Product Selector

Fusion 5.9
    Fusion 5.9

    Document Clustering Jobs

    Cluster a set of documents and attach cluster labels.

    Use this job when you want to cluster a set of documents and attach cluster labels based on topics.

    id - stringrequired

    The ID for this Spark job. Used in the API to reference this job. Allowed characters: a-z, A-Z, dash (-) and underscore (_)

    <= 128 characters

    Match pattern: ^[A-Za-z0-9_\-]+$

    trainingCollection - stringrequired

    Solr Collection containing documents to be clustered

    >= 1 characters

    fieldToVectorize - stringrequired

    Solr field containing text training data. Data from multiple fields with different weights can be combined by specifying them as field1:weight1,field2:weight2 etc.

    >= 1 characters

    dataFormat - string

    Spark-compatible format which training data comes in (like 'solr', 'hdfs', 'file', 'parquet' etc)

    Default: solr

    Allowed values: solrhdfsfileparquet

    trainingDataFrameConfigOptions - object

    Additional spark dataframe loading configuration options

    trainingDataFilterQuery - string

    Solr query to use when loading training data

    >= 3 characters

    Default: *:*

    trainingDataSamplingFraction - number

    Fraction of the training data to use

    <= 1

    exclusiveMaximum: false

    Default: 1

    randomSeed - integer

    For any deterministic pseudorandom number generation

    Default: 1234

    outputCollection - stringrequired

    Solr Collection to store model-labeled data to

    >= 1 characters

    sourceFields - string

    Solr fields to load (comma-delimited). Leave empty to allow the job to select the required fields to load at runtime.

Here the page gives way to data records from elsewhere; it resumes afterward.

(* Let $G_{\mathrm{base}}$ be a forest on $L$ vertices with edge weights $W$, and let $f(z) = \exp(\tau(z))$ where $\tau(z) = az+b$ is an affine map ($a,b\in\mathbb{R}$). Then the mask $\mathbf{M} = [f(\mathrm{dist}_{G_{\mathrm{base}}}(i,j))]_{i,j=1,\dots,L}$ supports matrix-vector multiplication in time $O(L)$; in particular $(G_{\mathrm{base}},f)$ is tractable.
   Context: $\mathrm{dist}_{G_{\mathrm{base}}}(i,j)$ is the weighted shortest-path distance (sum of edge weights along the unique path) between $i$ and $j$. For vertices in different connected components of the forest the corresponding mask entries are taken to be $0$. A pair $(G_{\mathrm{base}},f)$ is tractable if $\mathbf{M}\mathbf{x}$ can be computed in $o(L^2)$ time for every $\mathbf{x}\in\mathbb{R}^L$. Time counts arithmetic operations, including evaluations of $\exp$. *)

theory Defs
  imports Complex_Main
begin

definition walk_ok :: "nat set set \<Rightarrow> nat list \<Rightarrow> bool" where
  "walk_ok E p \<longleftrightarrow> (\<forall>k. Suc k < length p \<longrightarrow> {p ! k, p ! Suc k} \<in> E)"

definition is_path :: "nat set set \<Rightarrow> nat list \<Rightarrow> nat \<Rightarrow> nat \<Rightarrow> bool" where
  "is_path E p i j \<longleftrightarrow> p \<noteq> [] \<and> hd p = i \<and> last p = j \<and> distinct p \<and> walk_ok E p"

definition has_cycle :: "nat set set \<Rightarrow> bool" where
  "has_cycle E \<longleftrightarrow> (\<exists>c. length c \<ge> 3 \<and> distinct c \<and> walk_ok E c \<and> {last c, hd c} \<in> E)"

definition forest :: "nat \<Rightarrow> nat set set \<Rightarrow> bool" where
  "forest L E \<longleftrightarrow>
     (\<forall>e\<in>E. \<exists>u v. e = {u, v} \<and> u \<noteq> v \<and> u < L \<and> v < L) \<and> \<not> has_cycle E"

definition path_weight :: "(nat set \<Rightarrow> real) \<Rightarrow> nat list \<Rightarrow> real" where
  "path_weight W p = (\<Sum>k<length p - 1. W {p ! k, p ! Suc k})"

text \<open>Weighted distance: weight of the unique simple path (forest).\<close>
definition fdist :: "nat set set \<Rightarrow> (nat set \<Rightarrow> real) \<Rightarrow> nat \<Rightarrow> nat \<Rightarrow> real" where
  "fdist E W i j = path_weight W (THE p. is_path E p i j)"

definition mask :: "real \<Rightarrow> real \<Rightarrow> nat set set \<Rightarrow> (nat set \<Rightarrow> real) \<Rightarrow> nat \<Rightarrow> nat \<Rightarrow> real" where
  "mask a b E W i j = (if \<exists>p. is_path E p i j then exp (a * fdist E W i j + b) else 0)"

definition mask_mult :: "real \<Rightarrow> real \<Rightarrow> nat \<Rightarrow> nat set set \<Rightarrow> (nat set \<Rightarrow> real) \<Rightarrow> (nat \<Rightarrow> real) \<Rightarrow> nat \<Rightarrow> real" where
  "mask_mult a b L E W x i = (\<Sum>j<L. mask a b E W i j * x j)"

section \<open>Arithmetic straight-line programs (cost model: one unit per operation)\<close>

datatype instr =
    Const real
  | InX nat
  | InW "nat set"
  | Add nat nat
  | Sub nat nat
  | Mul nat nat
  | Dv nat nat
  | Ex nat

definition reg :: "real list \<Rightarrow> nat \<Rightarrow> real" where
  "reg rs k = (if k < length rs then rs ! k else 0)"

fun exec_instr :: "(nat \<Rightarrow> real) \<Rightarrow> (nat set \<Rightarrow> real) \<Rightarrow> real list \<Rightarrow> instr \<Rightarrow> real" where
  "exec_instr x W rs (Const c) = c"
| "exec_instr x W rs (InX i) = x i"
| "exec_instr x W rs (InW e) = W e"
| "exec_instr x W rs (Add k l) = reg rs k + reg rs l"
| "exec_instr x W rs (Sub k l) = reg rs k - reg rs l"
| "exec_instr x W rs (Mul k l) = reg rs k * reg rs l"
| "exec_instr x W rs (Dv k l) = reg rs k / reg rs l"
| "exec_instr x W rs (Ex k) = exp (reg rs k)"

definition run :: "instr list \<Rightarrow> (nat \<Rightarrow> real) \<Rightarrow> (nat set \<Rightarrow> real) \<Rightarrow> real list" where
  "run P x W = foldl (\<lambda>rs ins. rs @ [exec_instr x W rs ins]) [] P"

definition computes_mask_mult ::
  "real \<Rightarrow> real \<Rightarrow> nat \<Rightarrow> nat set set \<Rightarrow> instr list \<Rightarrow> nat list \<Rightarrow> bool" where
  "computes_mask_mult a b L E P outs \<longleftrightarrow> length outs = L \<and>
     (\<forall>W x. \<forall>i<L. reg (run P x W) (outs ! i) = mask_mult a b L E W x i)"

end

theory Submission
  imports Defs
begin

(*
  Let l be a pendant vertex of the forest with neighbour p, and c = exp (a W{l,p}). Every path
  ending in l is a path ending in p followed by the edge {p,l}, and f = exp o tau turns sums of
  weights into products; so off the diagonal the row and column of l in the mask are c times
  those of p in the mask M' of the pruned forest, and all other entries of M and M' agree.
  Hence M x is read off from y' = M' x', where x' adds c x_l to x_p:
  y_l = c y'_p + e^b (1 - c^2) x_l and y_i = y'_i for i <> l. Peeling pendant vertices one at a
  time costs a constant number of arithmetic operations per edge, and the edgeless forest, whose
  mask is e^b times the identity, costs one multiplication per vertex.
*)

section \<open>Walks and paths\<close>

lemma walk_ok_mono: "walk_ok E q \<Longrightarrow> E \<subseteq> F \<Longrightarrow> walk_ok F q"
  unfolding walk_ok_def by blast

lemma walk_ok_short: "length q \<le> 1 \<Longrightarrow> walk_ok E q"
  unfolding walk_ok_def by auto

lemma walk_ok_drop: "walk_ok E q \<Longrightarrow> walk_ok E (drop m q)"
  unfolding walk_ok_def by auto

    uidField - stringrequired

    Field containing the unique ID for each document.

    >= 1 characters

    Default: id

    clusterIdField - string

    Output field name for unique cluster id.

    Default: cluster_id

    clusterLabelField - string

    Output field name for top frequent terms that are (mostly) unique for each cluster.

    Default: cluster_label

    freqTermField - string

    Output field name for top frequent terms in each cluster. These may overlap with other clusters.

    Default: freq_terms

    distToCenterField - string

    Output field name for doc distance to its corresponding cluster center (measure how representative the doc is).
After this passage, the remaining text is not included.